By now, the Berlin Wall had come down, the Soviet Union collapsed and Ukraine had finally won its independence. Shortly afterwards, the country agreed to give up its nuclear weapons under the Budapest Memorandum in return for guarantees of security for its territorial integrity and political independence.

For all the political progress, the unwritten rule in education remained that male students took the more rigorous English translation course which would equip them to be KGB officers or technical translators whilst female students had to settle for the English teaching course, designed to turn them into schoolteachers of a language that, at the time, they hardly dared hope to speak in one of its native countries.


It was whilst living in a student hostel, that the oldest granddaughter met an eccentric British language student on her 19th birthday. He had travelled with a party from his university in the UK for a term's placement and, being a foreigner, was placed in newer, better accommodation that was not available to native Ukrainians. 

The ring-leader of the party, a student with connections in the year above and an inside track, had then persuaded the group to move en masse from this accommodation block into something more authentic where they would actually get to meet local Ukrainians and be able to practise their language skills.

The hostel was made up of two wings on several floors with rooms of four bunks. If you were lucky, only two or three of the bunks would be occupied, giving a bit of space - or, importantly, room for a foreign visitor for a couple of months who might be persuaded to write you a letter of invitation to the UK.

The process of getting the UK was not straightforward; there we no direct flights from Kyiv and embassies for this newly-created country had not yet been established either. Travelling overland meant a train to Prague and from there a scheduled coach to London. But the embassies were not keen on the idea of letting someone in if they did not have a clear way out.

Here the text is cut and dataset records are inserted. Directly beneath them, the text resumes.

(* For every integer $m \geq 0$ and every real $\eta > -1$, $$ \pi = \frac{4^{m+1}}{\binom{2m}{m}(2m+1)}\cdot \frac{ {}_{3}F_{2}\!\!\left[ \begin{matrix} \tfrac{1}{2}-m,1,-\eta \\ \tfrac{3}{2}+m,2+\eta \end{matrix} \ \Bigg| \ -1 \right]}{ {}_{3}F_{2}\!\!\left[ \begin{matrix} \tfrac{1}{2}-m,\tfrac{1}{2},1+\eta \\ 1,2+\eta \end{matrix} \ \Bigg| \ 1 \right]}.$$
   Context: ${}_pF_q\left[\begin{matrix} a_1,\dots,a_p\\ b_1,\dots,b_q\end{matrix}\,\Big|\, z\right] = \sum_{n\ge 0} \frac{(a_1)_n\cdots(a_p)_n}{(b_1)_n\cdots(b_q)_n}\frac{z^n}{n!}$ with $(x)_n = \Gamma(x+n)/\Gamma(x)$. *)

theory Defs
  imports Complex_Main
begin

definition hyperpFq :: "real list \<Rightarrow> real list \<Rightarrow> real \<Rightarrow> real" where
  "hyperpFq as bs z =
     (\<Sum>n. (prod_list (map (\<lambda>a. pochhammer a n) as)
             / prod_list (map (\<lambda>b. pochhammer b n) bs)) * z ^ n / fact n)"

end

theory Submission
  imports Defs "HOL-Analysis.Analysis" "HOL-Real_Asymp.Real_Asymp"
begin

(*
  Write c_j = (1/2 - m)_j (1/2)_j / (j!)^2 and S(x) = sum_j c_j / (x + j + 1). Since
  (1 + x)_j / (2 + x)_j = (1 + x) / (x + j + 1), the denominator 3F2 equals (1 + eta) S(eta).
  Each 1 / (x + j + 1) has a terminating partial fraction expansion
  sum_{n <= j} (-1)^n w_{j,n} (-x)_n / (1 + x)_{n+1} with weights 0 <= w_{j,n}.
  Inserting it into S(x) and summing the absolutely convergent double series over j first gives
  S(x) = V * sum_n (-1)^n u_n (-x)_n / (1 + x)_{n+1} with u_n = (1/2 - m)_n / (3/2 + m)_n,
  because sum_j c_j w_{j,n} satisfies the same first order recurrence in n as u_n (a telescoping
  argument). The numerator 3F2 is (1 + eta) times the last series, so the quotient is 1 / V.
  Finally V = S(0) = 4^(m+1) / (pi C(2m, m) (2m + 1)): for m = 0 the partial sums of S(0) are
  4 J c_J, which tend to 4 / pi because (1/2)_J / J! ~ 1 / sqrt(pi J), and a second telescoping
  sum gives the recurrence in m.
*)

section \<open>Growth estimates\<close>

lemma pochhammer_fact_powr_LIMSEQ:
  fixes z :: real
  shows "(\<lambda>n. pochhammer z n / (fact n * (real n + 1) powr (z - 1))) \<longlonglongrightarrow> rGamma z"
proof -
  have "(\<lambda>n. rGamma_series z n * (real n powr z / ((real n + 1) * (real n + 2) powr (z - 1))))
          \<longlonglongrightarrow> rGamma z * 1"
    by (intro tendsto_mult rGamma_series_LIMSEQ) real_asymp
  moreover have "\<forall>\<^sub>F n in sequentially.
      rGamma_series z n * (real n powr z / ((real n + 1) * (real n + 2) powr (z - 1)))
      = pochhammer z (Suc n) / (fact (Suc n) * (real (Suc n) + 1) powr (z - 1))"
    using eventually_gt_at_top[of "0::nat"]
  proof eventually_elim
    case (elim n)
    then have "exp (z * ln (real n)) = real n powr z" "real n powr z > 0"
      by (simp_all add: powr_def)
    then show ?case
      by (simp add: rGamma_series_def field_simps add_ac)
  qed
  ultimately have "(\<lambda>n. pochhammer z (Suc n) / (fact (Suc n) * (real (Suc n) + 1) powr (z - 1)))
                     \<longlonglongrightarrow> rGamma z"
    using Lim_transform_eventually by fastforce
  then show ?thesis
    by (rule LIMSEQ_imp_Suc)
qed

lemma pochhammer_fact_powr_bound:
  fixes z :: real
  obtains C where "C \<ge> 0" "\<And>n. \<bar>pochhammer z n\<bar> \<le> C * (fact n * (real n + 1) powr (z - 1))"
proof -
  have "Bseq (\<lambda>n. pochhammer z n / (fact n * (real n + 1) powr (z - 1)))"
    using pochhammer_fact_powr_LIMSEQ by (rule convergent_imp_Bseq[OF convergentI])
  then obtain K where "K > 0" "\<And>n. \<bar>pochhammer z n / (fact n * (real n + 1) powr (z - 1))\<bar> \<le> K"
    by (auto elim!: BseqE)
  then show ?thesis
    using that[of K] by (simp add: abs_divide divide_le_eq)
qed

lemma inverse_pochhammer_fact_powr_bound:
  fixes z :: real
  assumes "z > 0"
  obtains C where "C \<ge> 0" "\<And>n. 1 / pochhammer z n \<le> C / (fact n * (real n + 1) powr (z - 1))"
proof -
  have "rGamma z \<noteq> 0"
    using assms by (auto simp: rGamma_eq_zero_iff dest: nonpos_Ints_nonpos)
  then have "(\<lambda>n. inverse (pochhammer z n / (fact n * (real n + 1) powr (z - 1))))
               \<longlonglongrightarrow> inverse (rGamma z)"
    by (intro tendsto_inverse pochhammer_fact_powr_LIMSEQ)
  then have "Bseq (\<lambda>n. inverse (pochhammer z n / (fact n * (real n + 1) powr (z - 1))))"
    by (rule convergent_imp_Bseq[OF convergentI])
  then obtain K where
    "K > 0" "\<And>n. \<bar>inverse (pochhammer z n / (fact n * (real n + 1) powr (z - 1)))\<bar> \<le> K"
    by (auto elim!: BseqE)
  moreover have "1 / pochhammer z n \<le> K / (fact n * (real n + 1) powr (z - 1))" for n
  proof -
    have "pochhammer z n > 0"
      using assms by (rule pochhammer_pos)
    then show ?thesis
      using calculation(2)[of n] by (simp add: field_simps)
  qed
  ultimately show ?thesis
    using that[of K] by simp
qed

lemma Suc_powr_le_inverse_power:
  fixes e :: real
  assumes "e \<le> - real k"
  shows "(real j + 1) powr e \<le> 1 / (real j + 1) ^ k"
proof -
  have "(real j + 1) powr e \<le> (real j + 1) powr (- real k)"
    using assms by (intro powr_mono) auto
  also have "\<dots> = 1 / (real j + 1) ^ k"
    by (simp add: powr_minus_divide powr_realpow)
  finally show ?thesis .
qed

lemma summable_Suc_powr:
  assumes "e < -1"
  shows "summable (\<lambda>j::nat. (real j + 1) powr e)"
proof -
  have "summable (\<lambda>j::nat. real (Suc j) powr e)"
    using assms by (subst summable_Suc_iff) (simp add: summable_real_powr_iff)
  then show ?thesis
    by (simp add: add.commute)
qed

lemma summable_on_product_nonneg:
  fixes a b :: "nat \<Rightarrow> real"
  assumes "summable a" "summable b" "\<And>j. a j \<ge> 0" "\<And>n. b n \<ge> 0"
  shows "(\<lambda>(j, n). a j * b n) summable_on UNIV \<times> UNIV"
proof (rule summable_on_SigmaI[where g = "\<lambda>j. a j * suminf b"])
  fix j :: nat
  have "(b has_sum suminf b) UNIV"
    using assms by (intro sums_nonneg_imp_has_sum summable_sums) auto
  then show "((\<lambda>n. (\<lambda>(j, n). a j * b n) (j, n)) has_sum a j * suminf b) UNIV"
    by (simp add: has_sum_cmult_right)
next
  have "summable (\<lambda>j. a j * suminf b)"
    using assms(1) by (rule summable_mult2)
  moreover have "a j * suminf b \<ge> 0" for j
    using assms by (simp add: suminf_nonneg)
  ultimately show "(\<lambda>j. a j * suminf b) summable_on UNIV"
    by (simp add: summable_on_UNIV_nonneg_real_iff)
qed (use assms in auto)

section \<open>A terminating partial fraction expansion\<close>

(* For n <= j this is (j!)^2 / ((j - n)! (j + n)!); it vanishes for n > j. *)
definition pfrac_ratio :: "nat \<Rightarrow> nat \<Rightarrow> real" where
  "pfrac_ratio j n = (\<Prod>i<n. (real j - real i) / (real j + 1 + real i))"

definition pfrac_coeff :: "nat \<Rightarrow> nat \<Rightarrow> real" where
  "pfrac_coeff j n = (2 * real n + 1) * pfrac_ratio j n / (real j + real n + 1)"

definition pfrac_basis :: "real \<Rightarrow> nat \<Rightarrow> real" where
  "pfrac_basis x n = pochhammer (- x) n / pochhammer (1 + x) (Suc n)"

lemma pfrac_ratio_eq_0: "j < n \<Longrightarrow> pfrac_ratio j n = 0"
  unfolding pfrac_ratio_def by (intro prod_zero) (auto intro!: bexI[of _ j])

lemma pfrac_ratio_0 [simp]: "pfrac_ratio j 0 = 1"
  by (simp add: pfrac_ratio_def)

lemma pfrac_ratio_Suc:
  "pfrac_ratio j (Suc n) = pfrac_ratio j n * ((real j - real n) / (real j + 1 + real n))"
  by (simp add: pfrac_ratio_def)

lemma pfrac_ratio_nonneg: "pfrac_ratio j n \<ge> 0"
proof (cases "n \<le> j")
  case True
  then show ?thesis
    unfolding pfrac_ratio_def by (intro prod_nonneg) auto
qed (simp add: pfrac_ratio_eq_0)

lemma pfrac_ratio_le_1: "pfrac_ratio j n \<le> 1"
proof (cases "n \<le> j")
  case True
  then show ?thesis
    unfolding pfrac_ratio_def by (intro prod_le_1) auto
qed (simp add: pfrac_ratio_eq_0)

lemma pfrac_ratio_Suc_left:
  "(real j + 1 - real n) * pfrac_ratio (Suc j) n * (real j + 1 + real n)
     = pfrac_ratio j n * (real j + 1) ^ 2"
proof (induction n)
  case (Suc n)
  have d: "real j + 2 + real n \<noteq> 0" "real j + 1 + real n \<noteq> 0"
    by linarith+
  have "(real j + 1 - real (Suc n)) * pfrac_ratio (Suc j) (Suc n) * (real j + 1 + real (Suc n))
      = (real j - real n) * ((real j + 1 - real n) * pfrac_ratio (Suc j) n)"
    using d by (simp add: pfrac_ratio_Suc field_simps)
  also have "(real j + 1 - real n) * pfrac_ratio (Suc j) n
      = pfrac_ratio j n * (real j + 1) ^ 2 / (real j + 1 + real n)"
    using Suc.IH d by (simp add: field_simps)
  also have "(real j - real n) * \<dots> = pfrac_ratio j (Suc n) * (real j + 1) ^ 2"
    using d by (simp add: pfrac_ratio_Suc field_simps)
  finally show ?case .
qed (simp add: power2_eq_square)

lemma pfrac_ratio_le_exp:
  assumes "n \<le> j" "0 < n"
  shows "pfrac_ratio j n \<le> exp (- (real n ^ 2 / (real j + real n)))"
proof -
  have jn: "real j + real n > 0"
    using assms by simp
  have "pfrac_ratio j n \<le> (\<Prod>i<n. exp (- ((2 * real i + 1) / (real j + real n))))"
    unfolding pfrac_ratio_def
  proof (intro prod_mono conjI)
    fix i assume i: "i \<in> {..<n}"
    then show "0 \<le> (real j - real i) / (real j + 1 + real i)"
      using assms by auto
    have "(real j - real i) / (real j + 1 + real i) = 1 - (2 * real i + 1) / (real j + 1 + real i)"
      by (simp add: field_simps)
    also have "\<dots> \<le> 1 - (2 * real i + 1) / (real j + real n)"
      using i jn by (intro diff_left_mono divide_left_mono) auto
    also have "\<dots> \<le> exp (- ((2 * real i + 1) / (real j + real n)))"
      using exp_ge_add_one_self[of "- ((2 * real i + 1) / (real j + real n))"] by simp
    finally show "(real j - real i) / (real j + 1 + real i) \<le> \<dots>" .
  qed
  also have "\<dots> = exp (\<Sum>i<n. - ((2 * real i + 1) / (real j + real n)))"
    by (simp add: exp_sum)
  also have "\<dots> = exp (- ((\<Sum>i<n. 2 * real i + 1) / (real j + real n)))"
    by (simp add: sum_divide_distrib sum_negf)
  also have "(\<Sum>i<n. 2 * real i + 1) = real n ^ 2"
    by (induction n) (auto simp: power2_eq_square algebra_simps)
  finally show ?thesis .
qed

lemma pfrac_ratio_le_quadratic: "pfrac_ratio j n \<le> 8 * (real j + 1) / (real n + 1) ^ 2"
proof (cases "0 < n \<and> n \<le> j")
  case True
  define y where "y = real n ^ 2 / (real j + real n)"
  have jn: "real j + real n > 0"
    using True by simp
  have "pfrac_ratio j n \<le> exp (- y)"
    using pfrac_ratio_le_exp True by (simp add: y_def)
  also have "\<dots> \<le> 1 / (1 + y)"
    using exp_ge_add_one_self[of y] by (simp add: exp_minus y_def add_pos_nonneg field_simps)
  also have "\<dots> = (real j + real n) / (real j + real n + real n ^ 2)"
    using jn by (simp add: y_def field_simps)
  also have "\<dots> \<le> 8 * (real j + 1) / (real n + 1) ^ 2"
  proof -
    have "real j + real n \<le> 2 * (real j + 1)"
      using True by simp
    moreover have "(real n + 1) ^ 2 \<le> 4 * (real j + real n + real n ^ 2)"
    proof -
      have "1 \<le> real n ^ 2"
        using True by simp
      then show ?thesis
        unfolding power2_sum by simp
    qed
    ultimately have "(real j + real n) * (real n + 1) ^ 2
                       \<le> (2 * (real j + 1)) * (4 * (real j + real n + real n ^ 2))"
      by (intro mult_mono) auto
    then have "(real j + real n) * (real n + 1) ^ 2 / ((real j + real n + real n ^ 2) * (real n + 1) ^ 2)
        \<le> 8 * (real j + 1) * (real j + real n + real n ^ 2) / ((real j + real n + real n ^ 2) * (real n + 1) ^ 2)"
      by (intro divide_right_mono) (simp_all add: algebra_simps)
    moreover have "real j + real n + real n ^ 2 > 0"
      using jn by (metis add_pos_nonneg zero_le_power2)
    ultimately show ?thesis
      by simp
  qed
  finally show ?thesis .
next
  case False
  then show ?thesis
    by (cases "n = 0") (auto simp: pfrac_ratio_eq_0)
qed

So, after getting your letter of invitation from a UK student, you then had to have it countersigned at the British consulate in Kyiv for authenticity and travel to Moscow to get a UK visa from the embassy, then visit the French and Belgian embassies (in that order) to get your transit visas.

You didn't necessarily need to be on friendly-enough terms to expect a welcome and accommodation on arrival; just getting the authorised written invitation would enable you to get a visa and you were bound to find some low-level work somewhere that didn't ask too many questions so you could improve your English, stock up on western products like jeans and trainers and come back with a wallet full of valyuta - foreign hard currency that would hold its value during the Weimar-style hyperinflationary years.

Such was Kostya's plan; invite the eccentric language student to shack up with him and his buddies, then work the charm offensive to get the invitation.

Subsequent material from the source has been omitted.